Experience
Led the development of direct indexing and tax-aware portfolio optimization solutions with a range of client customizations and constraints. Developed standard and mixed-integer algorithms for portfolio optimization. Created sophisticated constraint attribution and holdings decomposition reporting, used within our InvestOS-compliant, AI-agent-friendly technology stack.
Delphia Asset Management — Toronto, Canada
As a founding team member, built an institutional-quality asset manager from scratch — overseeing trading, risk management, and compliance for market-neutral and long-biased U.S. equity portfolios with over $100mm AUM, executing more than $15B in equity trades via quantitative, machine learning-driven strategies. Led a cross-disciplinary team of portfolio managers, data scientists, and technologists while managing prime broker relationships, chairing risk and best execution committees, and developing performance attribution tools and analytical dashboards.
Managed end-to-end portfolio optimization and trade list construction across equity, commodity, and currency portfolios in the U.S. and Asia, with responsibility for trade approvals and oversight of the alpha generation team's day-to-day operations. Developed a factor-based performance attribution model and a portfolio simulation environment used to calibrate models, investigate trading strategies, and support the development and marketing of new investment products.
Managed a team of eight quantitative software engineers in San Francisco and London, holding operational responsibility for the Global Markets Strategy Group's analytical and alpha generation systems. Started the integration of BGI's optimization technology into BlackRock's Aladdin platform, coordinating engineers and business analysts across New York and San Francisco.

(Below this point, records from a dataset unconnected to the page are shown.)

lemma of_int_mult_cancel:
  fixes x y :: 'a
  assumes "n \<noteq> 0" and "of_int n * x = of_int n * y"
  shows "x = y"
proof -
  have inv: "scal (1 / of_int n) * of_int n = 1"
    using assms(1) by (simp flip: scal_of_int scal_mult add: scal_1)
  have "x = scal (1 / of_int n) * (of_int n * x)" by (simp add: mult.assoc[symmetric] inv)
  also have "\<dots> = y" by (simp add: assms(2) mult.assoc[symmetric] inv)
  finally show ?thesis .
qed

definition dpow :: "'a \<Rightarrow> nat \<Rightarrow> 'a" where
  "dpow x n = scal (1 / of_nat (fact n)) * x ^ n"

definition f_monomial :: "nat \<Rightarrow> nat \<Rightarrow> (nat \<Rightarrow> nat) \<Rightarrow> 'a" where
  "f_monomial k N b = foldr (\<lambda>j acc. dpow (f j) (b j) * acc) [k..<N] 1"

definition kf :: "nat \<Rightarrow> nat \<Rightarrow> nat \<Rightarrow> 'a" where
  "kf k r s = (\<Sum>b\<in>kS k r s. f_monomial k (Suc s) b)"

text \<open>Extended by \<open>0\<close> to negative arguments, so that index shifts need no side conditions.\<close>

definition kf_int :: "nat \<Rightarrow> int \<Rightarrow> int \<Rightarrow> 'a" where
  "kf_int k r t = (if r < 0 \<or> t < 0 then 0 else kf k (nat r) (nat t))"

lemma dpow_0 [simp]: "dpow x 0 = 1"
  by (simp add: dpow_def scal_1)

lemma f_commute_dpow: "f a * dpow (f b) n = dpow (f b) n * f a"
proof -
  have "f a * f b ^ n = f b ^ n * f a"
    using power_commuting_commutes[of "f b" "f a" n] f_commute by simp
  then show ?thesis
    by (metis dpow_def mult.assoc scal_commute)
qed

lemma f_times_dpow: "f i * dpow (f i) n = of_nat (Suc n) * dpow (f i) (Suc n)"
proof -
  have "complex_of_nat (Suc n) * (1 / of_nat (fact (Suc n))) = 1 / of_nat (fact n)"
    by (simp only: fact_Suc of_nat_mult) (simp add: field_simps del: of_nat_Suc)
  then have c: "of_nat (Suc n) * scal (1 / of_nat (fact (Suc n))) = scal (1 / of_nat (fact n))"
    by (simp flip: scal_of_nat scal_mult)
  have "f i * dpow (f i) n = scal (1 / of_nat (fact n)) * (f i * f i ^ n)"
    by (metis dpow_def mult.assoc scal_commute)
  also have "\<dots> = of_nat (Suc n) * dpow (f i) (Suc n)"
    by (simp only: dpow_def power_Suc mult.assoc flip: c)
  finally show ?thesis .
qed

lemma f_times_foldr_dpow:
  assumes "distinct js" and "i \<in> set js"
  shows "f i * foldr (\<lambda>j acc. dpow (f j) (b j) * acc) js 1
    = of_nat (Suc (b i)) * foldr (\<lambda>j acc. dpow (f j) ((b(i := Suc (b i))) j) * acc) js 1"
  using assms
proof (induction js)
  case (Cons a js)
  show ?case
  proof (cases "a = i")
    case True
    then have "foldr (\<lambda>j acc. dpow (f j) ((b(i := Suc (b i))) j) * acc) js 1
        = foldr (\<lambda>j acc. dpow (f j) (b j) * acc) js 1"
      using Cons.prems by (intro foldr_cong) auto
    then show ?thesis using True by (simp add: mult.assoc[symmetric] f_times_dpow)
  next
    case False
    have "f i * (dpow (f a) (b a) * foldr (\<lambda>j acc. dpow (f j) (b j) * acc) js 1)
        = dpow (f a) (b a) * (f i * foldr (\<lambda>j acc. dpow (f j) (b j) * acc) js 1)"
      by (simp only: mult.assoc[symmetric] f_commute_dpow)
    also have "\<dots> = of_nat (Suc (b i)) * (dpow (f a) (b a)
        * foldr (\<lambda>j acc. dpow (f j) ((b(i := Suc (b i))) j) * acc) js 1)"
      using Cons False by (simp del: of_nat_Suc add: mult_of_nat_left_commute)
    finally show ?thesis using False by simp
  qed
qed simp

lemma f_times_f_monomial:
  "k \<le> i \<Longrightarrow> i < N \<Longrightarrow> f i * f_monomial k N b = of_nat (Suc (b i)) * f_monomial k N (b(i := Suc (b i)))"
  by (simp add: f_monomial_def f_times_foldr_dpow)

lemma f_monomial_cong_upper:
  assumes "\<And>j. M \<le> j \<Longrightarrow> b j = 0" and "M \<le> N"
  shows "f_monomial k N b = f_monomial k M b"
  using assms(2)
proof (induction N)
  case (Suc N)
  then show ?case
    by (cases "M = Suc N") (auto simp: f_monomial_def assms(1))
qed simp

lemma f_monomial_zero: "f_monomial k N (\<lambda>_. 0) = 1"
proof -
  have "foldr (\<lambda>j acc. dpow (f j) 0 * acc) js 1 = 1" for js
    by (induct js) simp_all
  then show ?thesis by (simp add: f_monomial_def)
qed

lemma kf_0_left: "kf k 0 s = (if s = 0 then 1 else 0)"
  by (simp add: kf_def kS_0_left f_monomial_zero)

lemma kf_eq_0: "s < k * r \<Longrightarrow> kf k r s = 0"
  using kS_nonempty_imp_le[of _ k r s] by (fastforce simp: kf_def)

lemma kf_int_nat [simp]: "kf_int k (int r) (int s) = kf k r s"
  by (simp add: kf_int_def)

lemma kf_int_neg: "r < 0 \<or> t < 0 \<Longrightarrow> kf_int k r t = 0"
  by (simp add: kf_int_def)

lemma kf_int_0_left: "kf_int k 0 t = (if t = 0 then 1 else 0)"
  by (simp add: kf_int_def kf_0_left)

end

section \<open>Euler identities and commutators\<close>

context sl2_loop_algebra
begin

lemma sum_weighted_f_kf:
  assumes "0 < r"
  shows "(\<Sum>j\<in>{k..s}. of_nat (w j) * (f j * kf k (r - 1) (s - j)))
       = (\<Sum>b\<in>kS k r s. of_nat (\<Sum>j\<in>{k..s}. w j * b j) * f_monomial k (Suc s) b)"
proof -
  define g where "g = (\<lambda>(j, b). of_nat (w j * b j) * f_monomial k (Suc s) b :: 'a)"
  have summand: "of_nat (w j) * (f j * kf k (r - 1) (s - j))
      = (\<Sum>b\<in>kS k (r - 1) (s - j). g (j, b(j := Suc (b j))))" if "j \<in> {k..s}" for j
  proof -
    have "kf k (r - 1) (s - j) = (\<Sum>b\<in>kS k (r - 1) (s - j). f_monomial k (Suc s) b)"
      unfolding kf_def
      by (intro sum.cong refl f_monomial_cong_upper[symmetric]) (auto simp: kS_vanish)
    then show ?thesis
      using that by (simp add: sum_distrib_left g_def f_times_f_monomial mult.assoc del: of_nat_Suc)
  qed
  have "(\<Sum>j\<in>{k..s}. of_nat (w j) * (f j * kf k (r - 1) (s - j)))
      = (\<Sum>j\<in>{k..s}. \<Sum>b\<in>kS k (r - 1) (s - j). g (j, b(j := Suc (b j))))"
    by (intro sum.cong refl summand)
  also have "\<dots> = (\<Sum>(j, b)\<in>(SIGMA j:{k..s}. kS k (r - 1) (s - j)). g (j, b(j := Suc (b j))))"
    by (rule sum.Sigma) (auto simp: finite_kS)
  also have "\<dots> = sum g {(j, b). j \<in> {k..s} \<and> b \<in> kS k r s \<and> 0 < b j}"
    using sum.reindex_bij_betw[OF bij_betw_bump[OF assms], of g] by (simp add: case_prod_unfold)
  also have "\<dots> = sum g ({k..s} \<times> kS k r s)"
    by (rule sum.mono_neutral_left) (auto simp: finite_kS g_def intro!: gr0I)
  also have "\<dots> = (\<Sum>j\<in>{k..s}. \<Sum>b\<in>kS k r s. g (j, b))"
    by (simp add: sum.cartesian_product)
  also have "\<dots> = (\<Sum>b\<in>kS k r s. \<Sum>j\<in>{k..s}. g (j, b))"
    by (rule sum.swap)
  also have "\<dots> = (\<Sum>b\<in>kS k r s. of_nat (\<Sum>j\<in>{k..s}. w j * b j) * f_monomial k (Suc s) b)"
    by (simp add: g_def sum_distrib_right)
  finally show ?thesis .
qed

lemma sum_f_kf: "0 < r \<Longrightarrow> (\<Sum>j\<in>{k..s}. f j * kf k (r - 1) (s - j)) = of_nat r * kf k r s"
  using sum_weighted_f_kf[where w = "\<lambda>_. 1"] by (simp add: kS_sums_Icc kf_def sum_distrib_left)

lemma sum_deg_f_kf:
  "0 < r \<Longrightarrow> (\<Sum>j\<in>{k..s}. of_nat j * (f j * kf k (r - 1) (s - j))) = of_nat s * kf k r s"
  using sum_weighted_f_kf[where w = id] by (simp add: kS_sums_Icc kf_def sum_distrib_left)

lemma sum_f_kf_int:
  assumes "t \<le> int N"
  shows "(\<Sum>j\<in>{k..N}. f j * kf_int k (r - 1) (t - int j)) = of_int r * kf_int k r t"
proof (cases "r \<le> 0 \<or> t < 0")
  case True
  then show ?thesis by (cases "r = 0") (auto simp: kf_int_def)
next
  case False
  define s r' where "s = nat t" and "r' = nat r"
  with False have st: "t = int s" "r = int r'" "0 < r'" by auto
  have "(\<Sum>j\<in>{k..N}. f j * kf_int k (r - 1) (t - int j)) = (\<Sum>j\<in>{k..s}. f j * kf_int k (r - 1) (t - int j))"
    by (rule sum.mono_neutral_right) (use assms st in \<open>auto simp: kf_int_def\<close>)
  also have "\<dots> = (\<Sum>j\<in>{k..s}. f j * kf k (r' - 1) (s - j))"
    by (rule sum.cong) (use st in \<open>auto simp: kf_int_def nat_diff_distrib\<close>)
  also have "\<dots> = of_nat r' * kf k r' s" by (rule sum_f_kf) fact
  finally show ?thesis using st by simp
qed

lemma sum_deg_f_kf_int:
  assumes "t \<le> int N"
  shows "(\<Sum>j\<in>{k..N}. of_nat j * (f j * kf_int k (r - 1) (t - int j))) = of_int t * kf_int k r t"
proof (cases "r \<le> 0 \<or> t < 0")
  case True
  then show ?thesis by (cases "r = 0") (auto simp: kf_int_def kf_0_left)
next
  case False
  define s r' where "s = nat t" and "r' = nat r"
  with False have st: "t = int s" "r = int r'" "0 < r'" by auto
  have "(\<Sum>j\<in>{k..N}. of_nat j * (f j * kf_int k (r - 1) (t - int j)))
      = (\<Sum>j\<in>{k..s}. of_nat j * (f j * kf_int k (r - 1) (t - int j)))"
    by (rule sum.mono_neutral_right) (use assms st in \<open>auto simp: kf_int_def\<close>)
  also have "\<dots> = (\<Sum>j\<in>{k..s}. of_nat j * (f j * kf k (r' - 1) (s - j)))"
    by (rule sum.cong) (use st in \<open>auto simp: kf_int_def nat_diff_distrib\<close>)
  also have "\<dots> = of_nat s * kf k r' s" by (rule sum_deg_f_kf) fact
  finally show ?thesis using st by simp
qed

lemma sum_f_times_sum_f_kf_int:
  assumes "t \<le> int N" and "\<And>i. i \<in> B \<Longrightarrow> 0 \<le> d i"
  shows "(\<Sum>j\<in>{k..N}. f j * (\<Sum>i\<in>B. f (c i) * kf_int k (r - 1) (t - int j - d i)))
       = of_int r * (\<Sum>i\<in>B. f (c i) * kf_int k r (t - d i))"
proof -
  have "(\<Sum>j\<in>{k..N}. f j * (\<Sum>i\<in>B. f (c i) * kf_int k (r - 1) (t - int j - d i)))
      = (\<Sum>i\<in>B. f (c i) * (\<Sum>j\<in>{k..N}. f j * kf_int k (r - 1) (t - d i - int j)))"
    by (subst sum_mult_sum_swap) (simp_all add: f_commute algebra_simps)
  also have "\<dots> = (\<Sum>i\<in>B. f (c i) * (of_int r * kf_int k r (t - d i)))"
    using assms by (intro sum.cong refl arg_cong[where f = "(*) _"] sum_f_kf_int) force
  finally show ?thesis by (simp add: mult_of_int_left_commute sum_distrib_left)
qed

lemma sum_f_times_sum_kf_int:
  assumes "t \<le> int N" and "\<And>i. i \<in> B \<Longrightarrow> 0 \<le> d i"
  shows "(\<Sum>j\<in>{k..N}. f j * (\<Sum>i\<in>B. kf_int k (r - 1) (t - int j - d i) * y i))
       = of_int r * (\<Sum>i\<in>B. kf_int k r (t - d i) * y i)"
proof -
  have "(\<Sum>j\<in>{k..N}. f j * (\<Sum>i\<in>B. kf_int k (r - 1) (t - int j - d i) * y i))
      = (\<Sum>i\<in>B. (\<Sum>j\<in>{k..N}. f j * kf_int k (r - 1) (t - d i - int j)) * y i)"
    by (simp add: sum_distrib_left sum_distrib_right mult.assoc algebra_simps) (rule sum.swap)
  also have "\<dots> = (\<Sum>i\<in>B. of_int r * kf_int k r (t - d i) * y i)"
    using assms by (intro sum.cong refl arg_cong[where f = "\<lambda>x. x * _"] sum_f_kf_int) force
  finally show ?thesis by (simp add: mult.assoc sum_distrib_left)
qed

As a senior member of the Proprietary Analytics Group, developed and maintained portfolio optimization code used to manage over $500 billion in assets, and built a widely-used characteristic portfolio construction and analysis engine. Conducted research on signal performance, liquidity, and portfolio constraints, and collaborated with Stanford researchers to develop efficient numerical techniques for multi-period mean-variance optimization.

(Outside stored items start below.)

(* Let $X\in\mathbb{R}^{n\times p}$ with columns $X_1,\ldots,X_p$, let $\lambda_1>0$, and assume $np<p(p-1)/2$. (SPLICE) Let $D\in\mathbb{R}^{p\times p}$ be any diagonal matrix with positive diagonal entries (the previous iterate $\hat D^{(i-1)}$). Then there is a minimizer $\hat B$, over matrices $B\in\mathbb{R}^{p\times p}$ with zero diagonal, of $$ -\tfrac12\log\det D + \tfrac12\sum_{m=1}^p \frac{1}{D_{mm}^2}\big\|X_m - X_{-m}(B_{m\cdot})^T\big\|_2^2 + \lambda_1\|B\|_1 $$ such that $\hat\Omega^{\mathrm{spl}} = D^{-2}(I-\hat B)$ satisfies $\operatorname{card}\operatorname{vech}\hat\Omega^{\mathrm{spl}}\le np$. (SPACE) Let $\Omega_{\mathrm{diag}}$ be any diagonal matrix with positive diagonal entries (the previous iterate). Then there is a minimizer $\hat\Omega_{\mathrm{off}}$, over symmetric matrices $\Omega_{\mathrm{off}}\in\mathbb{R}^{p\times p}$ with zero diagonal, of $$ -\tfrac12\log\det\Omega_{\mathrm{diag}} + \tfrac12\sum_{m=1}^p\Omega_{\mathrm{diag},mm}\Big\|X_m-\sum_{j\ne m}\Omega_{\mathrm{off},mj}\sqrt{\Omega_{\mathrm{diag},jj}/\Omega_{\mathrm{diag},mm}}\,X_j\Big\|_2^2+\lambda_1\|\Omega_{\mathrm{off}}\|_1 $$ such that $\hat\Omega^{\mathrm{spc}} = \Omega_{\mathrm{diag}}+\hat\Omega_{\mathrm{off}}$ satisfies $\operatorname{card}\operatorname{vech}\hat\Omega^{\mathrm{spc}}\le np$. That is, for every iteration $i$ of the alternating minimization defining the SPLICE and SPACE estimators, there exist SPLICE and SPACE estimates at the end of iteration $i$ with at most $np$ nonzero strictly lower-triangular entries.
   Context: The SPLICE estimator alternately minimizes the displayed SPLICE objective over a diagonal matrix $D$ and a zero-diagonal matrix $B$, forming at iteration $i$ the estimate $\hat\Omega^{\mathrm{spl},(i)} = (\hat D^{(i-1)})^{-2}(I-\hat B^{(i)})$, where $\hat B^{(i)}$ minimizes over $B$ with $D=\hat D^{(i-1)}$ fixed. The SPACE estimator alternately minimizes the displayed SPACE objective over $\Omega_{\mathrm{diag}}$ and $\Omega_{\mathrm{off}}$, with estimate $\hat\Omega^{\mathrm{spc},(i)} = \hat\Omega^{(i)}_{\mathrm{diag}}+\hat\Omega^{(i)}_{\mathrm{off}}$. $X_{-m}$ is $X$ with column $m$ removed; $B_{m\cdot}$ is the $m$th row of $B$ with the entry $B_{mm}$ removed; $\|\cdot\|_1$ is the elementwise $\ell_1$ norm. $\operatorname{vech}$ gives the vector of strictly lower-triangular entries of a $p\times p$ matrix, and $\operatorname{card}$ counts nonzero entries. *)

theory Defs
  imports "HOL-Analysis.Analysis"
begin

text \<open>Matrices are represented as functions nat => nat => real; a p x p matrix
is one that vanishes outside {0..<p} x {0..<p}. The data matrix X is n x p,
with entry X i j for row i < n, column j < p (0-based indices).\<close>

definition sq_mat :: "nat \<Rightarrow> (nat \<Rightarrow> nat \<Rightarrow> real) \<Rightarrow> bool" where
  "sq_mat p A \<longleftrightarrow> (\<forall>i j. (i \<ge> p \<or> j \<ge> p) \<longrightarrow> A i j = 0)"

definition diag_pos :: "nat \<Rightarrow> (nat \<Rightarrow> nat \<Rightarrow> real) \<Rightarrow> bool" where
  "diag_pos p D \<longleftrightarrow> sq_mat p D \<and> (\<forall>i j. i \<noteq> j \<longrightarrow> D i j = 0) \<and> (\<forall>i<p. D i i > 0)"

definition zero_diag :: "nat \<Rightarrow> (nat \<Rightarrow> nat \<Rightarrow> real) \<Rightarrow> bool" where
  "zero_diag p B \<longleftrightarrow> sq_mat p B \<and> (\<forall>i. B i i = 0)"

definition detp :: "nat \<Rightarrow> (nat \<Rightarrow> nat \<Rightarrow> real) \<Rightarrow> real" where
  "detp p A = (\<Sum>\<sigma> | \<sigma> permutes {..<p}. of_int (sign \<sigma>) * (\<Prod>i<p. A i (\<sigma> i)))"

definition l1 :: "nat \<Rightarrow> (nat \<Rightarrow> nat \<Rightarrow> real) \<Rightarrow> real" where
  "l1 p A = (\<Sum>i<p. \<Sum>j<p. \<bar>A i j\<bar>)"

definition sqn :: "nat \<Rightarrow> (nat \<Rightarrow> real) \<Rightarrow> real" where
  "sqn n v = (\<Sum>i<n. (v i)\<^sup>2)"

definition card_vech :: "nat \<Rightarrow> (nat \<Rightarrow> nat \<Rightarrow> real) \<Rightarrow> nat" where
  "card_vech p A = card {(i, j). j < i \<and> i < p \<and> A i j \<noteq> 0}"

definition splice_obj ::
  "nat \<Rightarrow> nat \<Rightarrow> (nat \<Rightarrow> nat \<Rightarrow> real) \<Rightarrow> real \<Rightarrow> (nat \<Rightarrow> nat \<Rightarrow> real)
   \<Rightarrow> (nat \<Rightarrow> nat \<Rightarrow> real) \<Rightarrow> real" where
  "splice_obj n p X lam D B =
     - (1/2) * ln (detp p D)
     + (1/2) * (\<Sum>m<p. (1 / (D m m)\<^sup>2) *
          sqn n (\<lambda>i. X i m - (\<Sum>j\<in>{..<p} - {m}. B m j * X i j)))
     + lam * l1 p B"

definition space_obj ::
  "nat \<Rightarrow> nat \<Rightarrow> (nat \<Rightarrow> nat \<Rightarrow> real) \<Rightarrow> real \<Rightarrow> (nat \<Rightarrow> nat \<Rightarrow> real)
   \<Rightarrow> (nat \<Rightarrow> nat \<Rightarrow> real) \<Rightarrow> real" where
  "space_obj n p X lam Od Oo =
     - (1/2) * ln (detp p Od)
     + (1/2) * (\<Sum>m<p. Od m m *
          sqn n (\<lambda>i. X i m - (\<Sum>j\<in>{..<p} - {m}. Oo m j * sqrt (Od j j / Od m m) * X i j)))
     + lam * l1 p Oo"

definition splice_est :: "(nat \<Rightarrow> nat \<Rightarrow> real) \<Rightarrow> (nat \<Rightarrow> nat \<Rightarrow> real) \<Rightarrow> nat \<Rightarrow> nat \<Rightarrow> real" where
  "splice_est D B i j = (1 / (D i i)\<^sup>2) * ((if i = j then 1 else 0) - B i j)"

Developed proprietary algorithms and numerical models for the strategic pricing and procurement of electronic components, incorporating consumer demand forecasting and product lifecycle and cannibalization analysis. Led the Workbench project — data visualization and model parameterization tools — from requirements gathering through implementation in support of client services.
Developed algorithms for forecasting, sampling, and statistical analysis of pharmaceutical SKU demand, and built a simulation environment to evaluate the efficacy of inventory management strategies. Originated a Latin hypercube sampling technique for demand analysis, presented at INFORMS 2000.
Wrote commercial software for semiconductor processing and device simulation, developing hybrid mesh generation techniques and level set algorithms for multi-dimensional finite element simulation and material interface tracking.
As a Ph.D. student, developed an original algorithm for simulating plasma-based semiconductor processing using advanced numerical techniques including Godunov methods for conservation laws, multi-grid solvers for elliptic equations, and finite volume schemes on locally refined grids.
Performed numerical simulations in support of pulsed power equipment design. Used lumped element and transmission line circuit models, developed finite element models for electrostatic and magnetostatic simulations, and generally assisted senior physicists with computational support.